In the console, make sure you are in the directory: [usb root directory]/streaming/scala . ../../sbt/sbt assembly This command will compile the Tutorial class and create a JAR file in [usb root directory]/streaming/scala/target/scala-2.10/.

In the console, make sure you are in the directory: [usb root directory]/streaming/java . ../../sbt/sbt assembly This command will compile the Tutorial class and create a JAR file in [usb root directory]/streaming/java/target/scala-2.10/.

Finally, the program can be executed as using the spark-submit script. At the command line, run the following. Again, make sure you replace [usb root directory] with your actual USB root directory path.

../../spark/bin/spark-submit --class Tutorial ../../streaming/scala/target/scala-2.10/Tutorial-assembly-0.1-SNAPSHOT.jar
../../spark/bin/spark-submit --class Tutorial ../../streaming/java/target/scala-2.10/Tutorial-assembly-0.1-SNAPSHOT.jar

You will soon find a sample of the received tweets beeing printed on the screen (can take 10 seconds or so before it start appearing). If you don’t find this, take a look at the FAQ in the next section. Use Ctrl + c, to stop the application.

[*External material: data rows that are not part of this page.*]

lemma simple_path_distinct_edges:
  assumes "rtrancl_path (\<lambda>a b. (a, b) \<in> adj_rel G F) x ys y" and "distinct (x # ys)"
  shows "\<exists>es. length es = length ys \<and> distinct es \<and> set es \<subseteq> F \<and>
    (\<forall>i < length ys. {src G (es ! i), tgt G (es ! i)} = {(x # ys) ! i, ys ! i})"
  using assms
proof (induction rule: rtrancl_path.induct)
  case (base x)
  show ?case by simp
next
  case (step x y ys z)
  obtain es where es: "length es = length ys" "distinct es" "set es \<subseteq> F"
    "\<forall>i < length ys. {src G (es ! i), tgt G (es ! i)} = {(y # ys) ! i, ys ! i}"
    using step.IH step.prems by auto
  obtain e where e: "e \<in> F" "{src G e, tgt G e} = {x, y}"
    using step.hyps(1) unfolding adj_rel_iff by blast
  have "e \<notin> set es"
  proof
    assume "e \<in> set es"
    then obtain i where "i < length ys" "es ! i = e"
      using es(1) by (auto simp: in_set_conv_nth)
    then have "x \<in> {(y # ys) ! i, ys ! i}"
      using es(4) e(2) by (metis insertI1)
    moreover have "(y # ys) ! i \<in> set (y # ys)" "ys ! i \<in> set (y # ys)"
      using \<open>i < length ys\<close> by (simp_all add: nth_Cons')
    ultimately have "x \<in> set (y # ys)"
      by blast
    then show False
      using step.prems by simp
  qed
  then show ?case
    using es e by (intro exI[of _ "e # es"]) (auto simp: nth_Cons split: nat.split)
qed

-------------------------------------------
Time: 1359886325000 ms
-------------------------------------------
RT @__PiscesBabyyy: You Dont Wanna Hurt Me But Your Constantly Doing It
@Shu_Inukai ?????????????????????????????????????????
@Condormoda Us vaig descobrir a la @080_bcn_fashion. Molt bona desfilada. Salutacions des de #Manresa
RT @dragon_itou: ?RT???????3000???????????????????????????????????10???????

?????????????????2?3???9???? #???? http://t.co/PwyA5dsI ? h ...
Sini aku antar ke RSJ ya "@NiieSiiRenii: Memang (?? ?`? )"@RiskiMaris: Stresss"@NiieSiiRenii: Sukasuka aku donk:p"@RiskiMaris: Makanya jgn"
@brennn_star lol I would love to come back, you seem pretty cool! I just dont know if I could ever do graveyard again :( It KILLs me
????????????????????????????????????????????????????????????????????????????????????????ww
??????????
When the first boats left the rock with the artificers employed on.
@tgs_nth ????????????????????????????
...


-------------------------------------------
Time: 1359886326000 ms
-------------------------------------------
???????????
???????????
@amatuki007 ????????????????????????????????
?????????????????
RT @BrunoMars: Wooh!
Lo malo es qe no tiene toallitas
Sayang beb RT @enjaaangg Piye ya perasaanmu nyg aku :o
Baz? ?eyler yar??ma ya da reklam konusu olmamal? d???ncesini yenemiyorum.
?????????????MTV???????the HIATUS??
@anisyifaa haha. Cukupla merepek sikit2 :3
@RemyBot ?????????
...

Frequently Asked Questions

FAQ 1 : If you see an exception that looks like the following, it means that one of the token / keys has not been set in the Twitter configuration.

Configuring Twitter OAuth
Exception in thread "main" java.lang.Exception: Error setting authentication - value for apiKey not set
  at TutorialHelper$$anonfun$configureTwitterCredentials$1.apply(TutorialHelper.scala:21)
  at TutorialHelper$$anonfun$configureTwitterCredentials$1.apply(TutorialHelper.scala:19)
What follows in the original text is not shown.